| Task goal |
The response must consist of each line in the listing that has the word "moreover" in it.

| Study material |
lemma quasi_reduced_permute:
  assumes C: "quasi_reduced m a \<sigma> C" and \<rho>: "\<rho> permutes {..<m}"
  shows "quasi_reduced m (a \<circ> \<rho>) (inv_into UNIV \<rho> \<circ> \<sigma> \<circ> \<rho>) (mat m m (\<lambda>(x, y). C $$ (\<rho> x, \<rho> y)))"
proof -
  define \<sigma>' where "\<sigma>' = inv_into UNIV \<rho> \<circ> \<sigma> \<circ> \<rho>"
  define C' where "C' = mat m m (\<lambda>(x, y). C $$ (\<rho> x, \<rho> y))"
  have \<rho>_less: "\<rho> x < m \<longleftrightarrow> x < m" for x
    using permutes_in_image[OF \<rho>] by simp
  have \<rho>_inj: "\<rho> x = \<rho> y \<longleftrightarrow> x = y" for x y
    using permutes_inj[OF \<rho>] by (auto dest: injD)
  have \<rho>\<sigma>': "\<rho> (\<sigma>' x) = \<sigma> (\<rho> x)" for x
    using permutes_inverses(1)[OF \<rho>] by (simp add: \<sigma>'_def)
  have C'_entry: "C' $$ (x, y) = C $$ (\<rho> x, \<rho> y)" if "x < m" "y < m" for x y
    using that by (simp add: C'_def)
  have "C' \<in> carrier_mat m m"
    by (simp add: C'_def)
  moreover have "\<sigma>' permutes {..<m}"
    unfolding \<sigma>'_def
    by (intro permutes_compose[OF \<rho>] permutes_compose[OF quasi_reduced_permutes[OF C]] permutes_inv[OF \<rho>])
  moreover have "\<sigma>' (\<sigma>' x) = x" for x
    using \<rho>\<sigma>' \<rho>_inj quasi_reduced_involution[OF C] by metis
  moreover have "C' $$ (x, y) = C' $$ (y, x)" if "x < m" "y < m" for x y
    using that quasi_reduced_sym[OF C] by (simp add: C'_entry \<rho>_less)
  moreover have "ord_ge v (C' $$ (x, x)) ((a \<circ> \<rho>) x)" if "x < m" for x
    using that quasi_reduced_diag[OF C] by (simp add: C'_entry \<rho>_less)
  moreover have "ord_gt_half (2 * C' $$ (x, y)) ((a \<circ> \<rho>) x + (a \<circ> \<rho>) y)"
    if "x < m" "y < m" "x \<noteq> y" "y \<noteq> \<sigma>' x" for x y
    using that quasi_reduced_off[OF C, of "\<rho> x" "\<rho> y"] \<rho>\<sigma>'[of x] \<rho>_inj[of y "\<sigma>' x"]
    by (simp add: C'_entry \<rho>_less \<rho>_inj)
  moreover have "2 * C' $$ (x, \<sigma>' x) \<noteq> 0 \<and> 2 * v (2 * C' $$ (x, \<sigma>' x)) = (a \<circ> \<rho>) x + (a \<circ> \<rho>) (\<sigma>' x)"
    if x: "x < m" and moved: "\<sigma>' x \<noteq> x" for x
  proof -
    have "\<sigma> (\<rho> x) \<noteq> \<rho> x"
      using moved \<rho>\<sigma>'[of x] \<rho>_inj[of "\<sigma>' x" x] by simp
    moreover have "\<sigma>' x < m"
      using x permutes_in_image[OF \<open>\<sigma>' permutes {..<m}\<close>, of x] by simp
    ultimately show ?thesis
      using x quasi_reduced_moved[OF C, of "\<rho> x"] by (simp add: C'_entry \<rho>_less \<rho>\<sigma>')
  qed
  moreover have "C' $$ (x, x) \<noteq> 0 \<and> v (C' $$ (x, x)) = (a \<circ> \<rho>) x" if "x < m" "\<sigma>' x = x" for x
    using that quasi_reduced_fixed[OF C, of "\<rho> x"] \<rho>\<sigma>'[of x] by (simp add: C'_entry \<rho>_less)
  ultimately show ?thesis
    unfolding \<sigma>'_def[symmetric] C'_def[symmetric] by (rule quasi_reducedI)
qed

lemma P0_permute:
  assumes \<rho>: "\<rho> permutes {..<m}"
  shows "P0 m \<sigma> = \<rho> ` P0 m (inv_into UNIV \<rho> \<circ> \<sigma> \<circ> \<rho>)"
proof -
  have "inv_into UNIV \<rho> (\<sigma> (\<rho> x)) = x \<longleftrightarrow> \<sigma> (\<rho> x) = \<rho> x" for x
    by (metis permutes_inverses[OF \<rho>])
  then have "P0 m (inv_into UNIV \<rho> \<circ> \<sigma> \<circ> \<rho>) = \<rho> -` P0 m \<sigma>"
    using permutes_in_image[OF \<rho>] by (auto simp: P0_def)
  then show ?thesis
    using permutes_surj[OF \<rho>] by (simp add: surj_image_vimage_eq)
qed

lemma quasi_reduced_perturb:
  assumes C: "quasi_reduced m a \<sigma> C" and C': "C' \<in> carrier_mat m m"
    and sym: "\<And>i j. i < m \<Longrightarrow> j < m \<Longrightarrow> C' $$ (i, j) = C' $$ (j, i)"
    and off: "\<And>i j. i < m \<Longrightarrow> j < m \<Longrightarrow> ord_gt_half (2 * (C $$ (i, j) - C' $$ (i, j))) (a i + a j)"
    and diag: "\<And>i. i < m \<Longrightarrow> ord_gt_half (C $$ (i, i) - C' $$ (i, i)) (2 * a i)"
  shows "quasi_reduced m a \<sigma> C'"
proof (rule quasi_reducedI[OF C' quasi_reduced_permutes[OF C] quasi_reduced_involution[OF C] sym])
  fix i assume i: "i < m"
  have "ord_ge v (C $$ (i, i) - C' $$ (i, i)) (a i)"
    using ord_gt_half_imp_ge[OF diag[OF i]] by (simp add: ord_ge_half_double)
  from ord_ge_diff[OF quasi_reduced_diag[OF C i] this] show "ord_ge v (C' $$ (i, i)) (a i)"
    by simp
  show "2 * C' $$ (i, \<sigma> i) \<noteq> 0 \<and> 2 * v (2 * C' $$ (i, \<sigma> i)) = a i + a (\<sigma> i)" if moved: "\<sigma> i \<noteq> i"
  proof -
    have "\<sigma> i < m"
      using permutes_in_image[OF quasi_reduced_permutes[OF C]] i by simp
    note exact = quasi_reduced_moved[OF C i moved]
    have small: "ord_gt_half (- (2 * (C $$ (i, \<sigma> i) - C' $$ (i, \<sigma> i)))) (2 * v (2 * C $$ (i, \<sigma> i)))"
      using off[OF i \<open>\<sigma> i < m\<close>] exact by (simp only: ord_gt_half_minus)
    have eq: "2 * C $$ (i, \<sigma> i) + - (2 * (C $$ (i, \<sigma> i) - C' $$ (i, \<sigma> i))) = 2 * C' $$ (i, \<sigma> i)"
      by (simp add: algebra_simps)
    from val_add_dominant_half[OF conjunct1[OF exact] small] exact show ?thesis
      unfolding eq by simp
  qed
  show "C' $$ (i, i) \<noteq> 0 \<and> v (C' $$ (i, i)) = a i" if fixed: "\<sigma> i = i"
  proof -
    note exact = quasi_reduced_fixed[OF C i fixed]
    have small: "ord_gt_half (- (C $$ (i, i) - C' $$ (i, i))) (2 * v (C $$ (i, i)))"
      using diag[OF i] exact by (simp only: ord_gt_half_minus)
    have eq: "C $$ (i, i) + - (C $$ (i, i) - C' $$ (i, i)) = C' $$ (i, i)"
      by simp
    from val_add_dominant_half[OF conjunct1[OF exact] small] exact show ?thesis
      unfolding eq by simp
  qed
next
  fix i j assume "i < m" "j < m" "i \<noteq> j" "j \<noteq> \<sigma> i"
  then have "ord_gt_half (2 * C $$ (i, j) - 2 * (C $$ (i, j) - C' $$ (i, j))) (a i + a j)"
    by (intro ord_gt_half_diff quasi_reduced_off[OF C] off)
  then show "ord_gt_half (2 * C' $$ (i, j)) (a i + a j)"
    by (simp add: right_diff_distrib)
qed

| Answer for the task |
  moreover have "\<sigma>' permutes {..<m}"
  moreover have "\<sigma>' (\<sigma>' x) = x" for x
  moreover have "C' $$ (x, y) = C' $$ (y, x)" if "x < m" "y < m" for x y
  moreover have "ord_ge v (C' $$ (x, x)) ((a \<circ> \<rho>) x)" if "x < m" for x
  moreover have "ord_gt_half (2 * C' $$ (x, y)) ((a \<circ> \<rho>) x + (a \<circ> \<rho>) y)"
  moreover have "2 * C' $$ (x, \<sigma>' x) \<noteq> 0 \<and> 2 * v (2 * C' $$ (x, \<sigma>' x)) = (a \<circ> \<rho>) x + (a \<circ> \<rho>) (\<sigma>' x)"
    moreover have "\<sigma>' x < m"
  moreover have "C' $$ (x, x) \<noteq> 0 \<and> v (C' $$ (x, x)) = (a \<circ> \<rho>) x" if "x < m" "\<sigma>' x = x" for x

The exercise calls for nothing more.